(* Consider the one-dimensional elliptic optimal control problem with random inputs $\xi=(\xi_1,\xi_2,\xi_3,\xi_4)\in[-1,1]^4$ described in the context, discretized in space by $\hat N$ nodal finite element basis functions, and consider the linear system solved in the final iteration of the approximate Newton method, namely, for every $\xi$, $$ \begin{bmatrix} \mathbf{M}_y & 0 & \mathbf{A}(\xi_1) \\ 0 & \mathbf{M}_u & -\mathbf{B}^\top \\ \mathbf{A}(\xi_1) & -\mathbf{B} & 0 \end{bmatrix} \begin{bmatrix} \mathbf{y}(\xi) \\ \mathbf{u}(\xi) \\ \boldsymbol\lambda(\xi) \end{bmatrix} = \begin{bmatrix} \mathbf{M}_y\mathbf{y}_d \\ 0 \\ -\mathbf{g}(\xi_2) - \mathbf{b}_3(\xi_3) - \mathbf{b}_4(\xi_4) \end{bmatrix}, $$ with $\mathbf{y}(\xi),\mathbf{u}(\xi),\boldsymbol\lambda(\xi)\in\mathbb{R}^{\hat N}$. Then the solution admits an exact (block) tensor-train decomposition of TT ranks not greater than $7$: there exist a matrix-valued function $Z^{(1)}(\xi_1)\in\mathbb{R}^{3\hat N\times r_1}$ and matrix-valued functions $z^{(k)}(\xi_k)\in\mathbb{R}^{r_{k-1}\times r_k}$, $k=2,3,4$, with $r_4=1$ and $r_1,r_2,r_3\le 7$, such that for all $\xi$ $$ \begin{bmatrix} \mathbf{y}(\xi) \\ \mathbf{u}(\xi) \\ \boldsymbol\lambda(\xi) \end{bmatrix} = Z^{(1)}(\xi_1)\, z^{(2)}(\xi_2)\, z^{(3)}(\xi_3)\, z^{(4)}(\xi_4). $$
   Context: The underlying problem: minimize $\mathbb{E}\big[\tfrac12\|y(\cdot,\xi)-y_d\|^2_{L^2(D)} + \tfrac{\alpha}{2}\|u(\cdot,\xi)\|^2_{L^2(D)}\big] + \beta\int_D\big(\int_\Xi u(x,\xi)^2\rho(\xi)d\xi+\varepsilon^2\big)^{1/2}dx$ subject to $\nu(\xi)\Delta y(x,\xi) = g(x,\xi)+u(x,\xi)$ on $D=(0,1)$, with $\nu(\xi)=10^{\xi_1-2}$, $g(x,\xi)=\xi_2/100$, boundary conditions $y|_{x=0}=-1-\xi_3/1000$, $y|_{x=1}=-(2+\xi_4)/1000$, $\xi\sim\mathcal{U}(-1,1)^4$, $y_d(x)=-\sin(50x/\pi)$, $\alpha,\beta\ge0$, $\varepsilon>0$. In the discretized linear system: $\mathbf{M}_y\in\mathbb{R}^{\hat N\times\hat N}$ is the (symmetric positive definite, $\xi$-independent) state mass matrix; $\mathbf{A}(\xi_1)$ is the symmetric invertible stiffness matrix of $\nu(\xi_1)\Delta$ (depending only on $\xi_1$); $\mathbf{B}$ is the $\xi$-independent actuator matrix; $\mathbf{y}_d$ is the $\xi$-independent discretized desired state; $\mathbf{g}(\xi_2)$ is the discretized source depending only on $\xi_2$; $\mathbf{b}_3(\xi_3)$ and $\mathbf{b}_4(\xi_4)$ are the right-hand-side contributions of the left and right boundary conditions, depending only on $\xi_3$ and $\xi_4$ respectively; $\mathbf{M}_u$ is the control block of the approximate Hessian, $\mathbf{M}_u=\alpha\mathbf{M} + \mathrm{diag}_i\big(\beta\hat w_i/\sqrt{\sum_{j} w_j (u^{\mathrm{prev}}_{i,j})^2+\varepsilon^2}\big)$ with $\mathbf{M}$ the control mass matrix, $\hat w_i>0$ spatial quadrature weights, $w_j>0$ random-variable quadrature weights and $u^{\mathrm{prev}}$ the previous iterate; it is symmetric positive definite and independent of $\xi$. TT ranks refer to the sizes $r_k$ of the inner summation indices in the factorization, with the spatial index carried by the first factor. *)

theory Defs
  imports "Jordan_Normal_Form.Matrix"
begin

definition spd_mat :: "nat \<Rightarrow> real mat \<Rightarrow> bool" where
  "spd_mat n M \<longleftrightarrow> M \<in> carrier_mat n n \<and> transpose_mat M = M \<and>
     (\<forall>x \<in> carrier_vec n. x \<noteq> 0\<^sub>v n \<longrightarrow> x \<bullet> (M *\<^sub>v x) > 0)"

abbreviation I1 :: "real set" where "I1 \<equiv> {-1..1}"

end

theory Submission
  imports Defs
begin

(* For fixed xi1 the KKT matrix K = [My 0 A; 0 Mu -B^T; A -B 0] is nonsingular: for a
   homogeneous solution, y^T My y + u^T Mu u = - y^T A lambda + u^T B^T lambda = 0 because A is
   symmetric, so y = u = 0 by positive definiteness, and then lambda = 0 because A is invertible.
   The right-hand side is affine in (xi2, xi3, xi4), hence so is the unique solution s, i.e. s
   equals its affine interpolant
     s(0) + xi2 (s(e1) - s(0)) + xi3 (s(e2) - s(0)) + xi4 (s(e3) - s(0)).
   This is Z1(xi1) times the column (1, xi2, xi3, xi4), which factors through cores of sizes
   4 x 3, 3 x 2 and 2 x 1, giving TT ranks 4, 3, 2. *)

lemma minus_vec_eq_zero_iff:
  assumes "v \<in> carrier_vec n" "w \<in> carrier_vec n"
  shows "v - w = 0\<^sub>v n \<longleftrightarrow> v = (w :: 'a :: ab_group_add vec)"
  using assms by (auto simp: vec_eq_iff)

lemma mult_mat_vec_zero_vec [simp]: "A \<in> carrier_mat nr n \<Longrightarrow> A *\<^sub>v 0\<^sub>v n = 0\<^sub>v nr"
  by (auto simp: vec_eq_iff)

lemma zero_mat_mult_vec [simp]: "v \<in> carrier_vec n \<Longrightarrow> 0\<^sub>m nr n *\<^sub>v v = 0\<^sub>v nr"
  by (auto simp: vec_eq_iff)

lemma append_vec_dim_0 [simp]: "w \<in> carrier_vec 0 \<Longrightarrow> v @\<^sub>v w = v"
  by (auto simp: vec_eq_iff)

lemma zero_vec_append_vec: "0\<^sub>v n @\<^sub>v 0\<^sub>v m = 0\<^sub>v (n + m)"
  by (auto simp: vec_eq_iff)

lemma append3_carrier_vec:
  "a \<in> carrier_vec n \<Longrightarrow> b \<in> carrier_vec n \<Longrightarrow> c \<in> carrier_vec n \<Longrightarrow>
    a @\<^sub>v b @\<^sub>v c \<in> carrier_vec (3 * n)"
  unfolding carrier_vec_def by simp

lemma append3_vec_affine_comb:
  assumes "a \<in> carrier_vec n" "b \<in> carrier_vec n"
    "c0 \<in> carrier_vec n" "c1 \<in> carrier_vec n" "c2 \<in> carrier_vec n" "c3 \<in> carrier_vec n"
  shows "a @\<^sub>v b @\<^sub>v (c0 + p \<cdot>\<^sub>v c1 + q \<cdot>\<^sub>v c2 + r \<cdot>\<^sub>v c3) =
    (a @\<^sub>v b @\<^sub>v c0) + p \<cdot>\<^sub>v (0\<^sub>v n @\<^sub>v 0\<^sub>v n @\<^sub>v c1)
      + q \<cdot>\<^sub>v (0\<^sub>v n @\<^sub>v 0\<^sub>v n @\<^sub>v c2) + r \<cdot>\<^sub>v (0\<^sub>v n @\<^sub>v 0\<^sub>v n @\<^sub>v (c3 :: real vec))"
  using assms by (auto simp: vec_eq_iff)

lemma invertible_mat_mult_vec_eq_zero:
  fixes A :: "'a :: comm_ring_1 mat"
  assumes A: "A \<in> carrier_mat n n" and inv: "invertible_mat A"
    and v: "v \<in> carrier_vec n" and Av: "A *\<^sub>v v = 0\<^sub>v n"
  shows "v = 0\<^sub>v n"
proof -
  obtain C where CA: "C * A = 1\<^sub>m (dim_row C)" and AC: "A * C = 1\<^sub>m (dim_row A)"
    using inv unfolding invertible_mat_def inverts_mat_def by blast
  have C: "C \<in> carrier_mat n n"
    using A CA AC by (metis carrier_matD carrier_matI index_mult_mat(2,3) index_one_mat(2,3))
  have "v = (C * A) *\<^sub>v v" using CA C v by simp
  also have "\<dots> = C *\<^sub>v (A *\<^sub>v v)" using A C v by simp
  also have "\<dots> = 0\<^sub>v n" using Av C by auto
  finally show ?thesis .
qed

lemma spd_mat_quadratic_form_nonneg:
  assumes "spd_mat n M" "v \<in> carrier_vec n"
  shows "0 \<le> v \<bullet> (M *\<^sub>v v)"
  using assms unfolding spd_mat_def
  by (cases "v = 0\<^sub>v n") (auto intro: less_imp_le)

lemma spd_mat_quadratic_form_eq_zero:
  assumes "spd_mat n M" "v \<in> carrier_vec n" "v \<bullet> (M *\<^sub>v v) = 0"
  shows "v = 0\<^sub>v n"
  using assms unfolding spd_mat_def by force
● ● ● ● ● ● ●
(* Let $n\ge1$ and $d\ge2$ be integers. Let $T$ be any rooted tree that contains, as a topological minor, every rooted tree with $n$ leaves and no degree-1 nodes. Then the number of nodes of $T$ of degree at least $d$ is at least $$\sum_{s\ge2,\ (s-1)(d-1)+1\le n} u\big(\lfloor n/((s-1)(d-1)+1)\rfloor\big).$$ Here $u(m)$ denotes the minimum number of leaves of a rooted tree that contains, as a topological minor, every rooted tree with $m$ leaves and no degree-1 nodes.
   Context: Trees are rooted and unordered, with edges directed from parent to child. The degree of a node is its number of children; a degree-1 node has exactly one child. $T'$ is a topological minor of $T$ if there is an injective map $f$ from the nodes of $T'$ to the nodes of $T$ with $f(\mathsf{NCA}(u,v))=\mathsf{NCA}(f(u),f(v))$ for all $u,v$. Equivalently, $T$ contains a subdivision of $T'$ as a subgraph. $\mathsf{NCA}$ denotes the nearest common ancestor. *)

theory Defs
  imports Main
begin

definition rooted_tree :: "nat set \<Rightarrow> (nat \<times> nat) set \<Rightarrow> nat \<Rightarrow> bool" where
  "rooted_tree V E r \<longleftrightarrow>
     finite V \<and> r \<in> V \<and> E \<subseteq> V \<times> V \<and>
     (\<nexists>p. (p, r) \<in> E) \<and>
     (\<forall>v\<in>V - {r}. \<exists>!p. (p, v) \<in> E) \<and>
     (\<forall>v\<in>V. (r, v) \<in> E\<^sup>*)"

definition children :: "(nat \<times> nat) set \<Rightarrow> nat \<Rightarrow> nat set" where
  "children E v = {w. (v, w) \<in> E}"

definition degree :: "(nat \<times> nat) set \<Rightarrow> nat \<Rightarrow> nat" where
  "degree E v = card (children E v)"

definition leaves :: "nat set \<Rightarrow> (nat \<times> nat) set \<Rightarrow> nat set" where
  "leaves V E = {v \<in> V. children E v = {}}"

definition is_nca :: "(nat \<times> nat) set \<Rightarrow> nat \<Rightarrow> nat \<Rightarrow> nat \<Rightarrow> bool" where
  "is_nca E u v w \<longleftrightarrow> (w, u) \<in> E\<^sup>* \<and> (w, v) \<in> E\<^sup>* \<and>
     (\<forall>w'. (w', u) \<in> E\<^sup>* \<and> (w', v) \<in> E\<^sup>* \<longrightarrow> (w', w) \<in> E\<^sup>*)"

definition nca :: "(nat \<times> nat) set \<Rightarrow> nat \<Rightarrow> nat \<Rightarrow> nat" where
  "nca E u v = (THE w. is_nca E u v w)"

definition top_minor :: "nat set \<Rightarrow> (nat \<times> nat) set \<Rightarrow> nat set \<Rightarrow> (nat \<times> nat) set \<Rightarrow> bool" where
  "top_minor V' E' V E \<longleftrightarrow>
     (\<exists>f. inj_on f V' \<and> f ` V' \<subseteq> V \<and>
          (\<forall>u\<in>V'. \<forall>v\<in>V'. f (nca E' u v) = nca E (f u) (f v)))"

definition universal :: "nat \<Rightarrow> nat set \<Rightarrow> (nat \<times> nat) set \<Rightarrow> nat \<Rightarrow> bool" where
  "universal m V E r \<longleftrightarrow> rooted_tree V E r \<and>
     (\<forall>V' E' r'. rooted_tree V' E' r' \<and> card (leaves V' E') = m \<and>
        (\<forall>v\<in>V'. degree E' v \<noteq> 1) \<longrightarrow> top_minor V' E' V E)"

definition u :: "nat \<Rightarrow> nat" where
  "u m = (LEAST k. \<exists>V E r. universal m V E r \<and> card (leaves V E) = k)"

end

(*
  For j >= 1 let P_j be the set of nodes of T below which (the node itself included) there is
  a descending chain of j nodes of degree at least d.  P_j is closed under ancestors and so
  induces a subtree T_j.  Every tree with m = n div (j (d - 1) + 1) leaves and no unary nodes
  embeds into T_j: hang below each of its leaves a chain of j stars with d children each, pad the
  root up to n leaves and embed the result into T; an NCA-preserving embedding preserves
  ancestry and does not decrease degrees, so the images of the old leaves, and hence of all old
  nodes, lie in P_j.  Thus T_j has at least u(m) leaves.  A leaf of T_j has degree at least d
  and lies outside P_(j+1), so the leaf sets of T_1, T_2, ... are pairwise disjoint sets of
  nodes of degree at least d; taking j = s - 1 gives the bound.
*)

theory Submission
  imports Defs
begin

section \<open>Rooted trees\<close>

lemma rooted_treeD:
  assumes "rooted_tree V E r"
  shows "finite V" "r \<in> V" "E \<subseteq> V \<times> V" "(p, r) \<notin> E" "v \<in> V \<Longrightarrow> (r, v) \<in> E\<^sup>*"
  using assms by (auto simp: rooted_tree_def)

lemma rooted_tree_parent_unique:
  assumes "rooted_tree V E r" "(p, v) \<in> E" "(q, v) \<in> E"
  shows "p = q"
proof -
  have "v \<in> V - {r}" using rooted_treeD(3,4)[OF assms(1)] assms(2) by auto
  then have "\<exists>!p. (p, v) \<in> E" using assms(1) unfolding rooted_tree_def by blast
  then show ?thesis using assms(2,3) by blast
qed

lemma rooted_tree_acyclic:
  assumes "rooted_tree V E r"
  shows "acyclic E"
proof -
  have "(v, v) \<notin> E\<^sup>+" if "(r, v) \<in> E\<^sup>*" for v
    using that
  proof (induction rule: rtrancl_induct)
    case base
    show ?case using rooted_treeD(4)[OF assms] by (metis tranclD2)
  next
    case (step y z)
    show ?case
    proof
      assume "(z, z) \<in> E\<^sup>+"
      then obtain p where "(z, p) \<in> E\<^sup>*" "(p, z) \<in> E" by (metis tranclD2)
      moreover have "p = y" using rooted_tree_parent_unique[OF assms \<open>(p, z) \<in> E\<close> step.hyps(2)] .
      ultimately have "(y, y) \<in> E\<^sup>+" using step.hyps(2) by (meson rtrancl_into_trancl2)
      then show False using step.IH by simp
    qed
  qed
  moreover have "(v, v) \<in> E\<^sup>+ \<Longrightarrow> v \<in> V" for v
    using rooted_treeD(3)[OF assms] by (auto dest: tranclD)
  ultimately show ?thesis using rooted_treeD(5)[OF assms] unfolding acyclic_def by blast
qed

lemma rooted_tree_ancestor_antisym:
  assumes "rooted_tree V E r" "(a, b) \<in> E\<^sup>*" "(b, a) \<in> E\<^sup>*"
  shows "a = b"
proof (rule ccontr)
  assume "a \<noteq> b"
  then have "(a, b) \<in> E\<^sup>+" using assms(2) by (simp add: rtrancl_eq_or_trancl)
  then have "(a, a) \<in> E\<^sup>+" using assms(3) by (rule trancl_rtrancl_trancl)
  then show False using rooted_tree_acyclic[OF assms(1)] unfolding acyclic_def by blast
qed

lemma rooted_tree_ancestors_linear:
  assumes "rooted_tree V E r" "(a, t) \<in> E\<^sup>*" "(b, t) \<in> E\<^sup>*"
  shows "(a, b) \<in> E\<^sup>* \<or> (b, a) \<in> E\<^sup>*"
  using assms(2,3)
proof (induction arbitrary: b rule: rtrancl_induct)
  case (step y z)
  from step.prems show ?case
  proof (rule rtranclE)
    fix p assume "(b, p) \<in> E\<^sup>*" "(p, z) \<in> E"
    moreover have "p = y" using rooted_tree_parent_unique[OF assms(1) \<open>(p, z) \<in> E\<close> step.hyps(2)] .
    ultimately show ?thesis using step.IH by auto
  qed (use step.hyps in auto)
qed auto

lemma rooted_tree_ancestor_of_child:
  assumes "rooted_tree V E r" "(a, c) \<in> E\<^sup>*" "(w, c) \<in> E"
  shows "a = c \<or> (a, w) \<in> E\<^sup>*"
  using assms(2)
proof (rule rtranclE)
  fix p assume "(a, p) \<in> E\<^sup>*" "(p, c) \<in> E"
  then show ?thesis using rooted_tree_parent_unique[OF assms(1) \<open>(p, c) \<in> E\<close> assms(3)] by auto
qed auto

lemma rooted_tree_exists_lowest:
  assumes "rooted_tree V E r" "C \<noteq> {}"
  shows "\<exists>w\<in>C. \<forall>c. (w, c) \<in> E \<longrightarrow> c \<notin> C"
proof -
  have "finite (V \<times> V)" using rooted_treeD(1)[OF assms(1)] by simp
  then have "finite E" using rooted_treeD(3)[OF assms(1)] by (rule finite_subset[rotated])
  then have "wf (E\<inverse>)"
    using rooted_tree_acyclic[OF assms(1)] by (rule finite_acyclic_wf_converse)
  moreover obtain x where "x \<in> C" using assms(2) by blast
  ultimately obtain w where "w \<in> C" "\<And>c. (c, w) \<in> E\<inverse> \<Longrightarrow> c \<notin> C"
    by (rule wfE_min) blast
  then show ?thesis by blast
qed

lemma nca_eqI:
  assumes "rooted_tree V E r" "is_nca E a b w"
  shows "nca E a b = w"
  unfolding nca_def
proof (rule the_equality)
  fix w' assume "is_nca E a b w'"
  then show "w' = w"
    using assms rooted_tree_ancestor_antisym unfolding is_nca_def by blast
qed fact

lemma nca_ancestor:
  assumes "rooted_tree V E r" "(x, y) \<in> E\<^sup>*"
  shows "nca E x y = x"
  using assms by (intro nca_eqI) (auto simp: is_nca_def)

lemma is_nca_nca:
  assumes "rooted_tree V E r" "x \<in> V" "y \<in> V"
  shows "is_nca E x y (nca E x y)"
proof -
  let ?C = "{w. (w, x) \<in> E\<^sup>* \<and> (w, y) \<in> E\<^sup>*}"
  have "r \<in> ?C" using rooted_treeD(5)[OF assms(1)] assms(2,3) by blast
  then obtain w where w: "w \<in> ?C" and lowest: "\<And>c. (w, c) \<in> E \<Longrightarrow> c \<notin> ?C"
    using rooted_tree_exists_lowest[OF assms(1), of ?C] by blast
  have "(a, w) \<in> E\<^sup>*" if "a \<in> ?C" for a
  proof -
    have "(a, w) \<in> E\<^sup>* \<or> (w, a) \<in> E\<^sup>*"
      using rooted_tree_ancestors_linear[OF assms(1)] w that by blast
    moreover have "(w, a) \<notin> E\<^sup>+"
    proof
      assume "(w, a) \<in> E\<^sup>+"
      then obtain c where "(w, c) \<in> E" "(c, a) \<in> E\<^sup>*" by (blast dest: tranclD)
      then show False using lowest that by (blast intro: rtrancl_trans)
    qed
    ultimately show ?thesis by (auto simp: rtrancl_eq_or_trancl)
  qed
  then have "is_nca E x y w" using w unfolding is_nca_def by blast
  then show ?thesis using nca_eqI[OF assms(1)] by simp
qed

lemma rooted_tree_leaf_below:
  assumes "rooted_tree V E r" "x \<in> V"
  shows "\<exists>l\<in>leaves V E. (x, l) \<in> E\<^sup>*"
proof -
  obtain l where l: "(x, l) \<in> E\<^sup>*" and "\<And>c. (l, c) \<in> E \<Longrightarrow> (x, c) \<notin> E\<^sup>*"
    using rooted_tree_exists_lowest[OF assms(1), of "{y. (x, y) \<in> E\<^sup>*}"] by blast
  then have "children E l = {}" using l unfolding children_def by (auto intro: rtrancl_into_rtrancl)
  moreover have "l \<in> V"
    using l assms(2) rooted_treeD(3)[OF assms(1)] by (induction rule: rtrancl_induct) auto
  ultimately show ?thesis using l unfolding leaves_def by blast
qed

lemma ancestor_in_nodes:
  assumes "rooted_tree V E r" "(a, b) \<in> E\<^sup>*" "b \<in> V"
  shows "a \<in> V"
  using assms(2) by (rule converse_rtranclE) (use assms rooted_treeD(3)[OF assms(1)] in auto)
● ● ● ● ● ● ●
▶ PROBLEM TO WORK ON
Say how many lines of the data include the word "hence". Nothing other than the number should be given.

▶ RESPONSE TO THE EXERCISE
2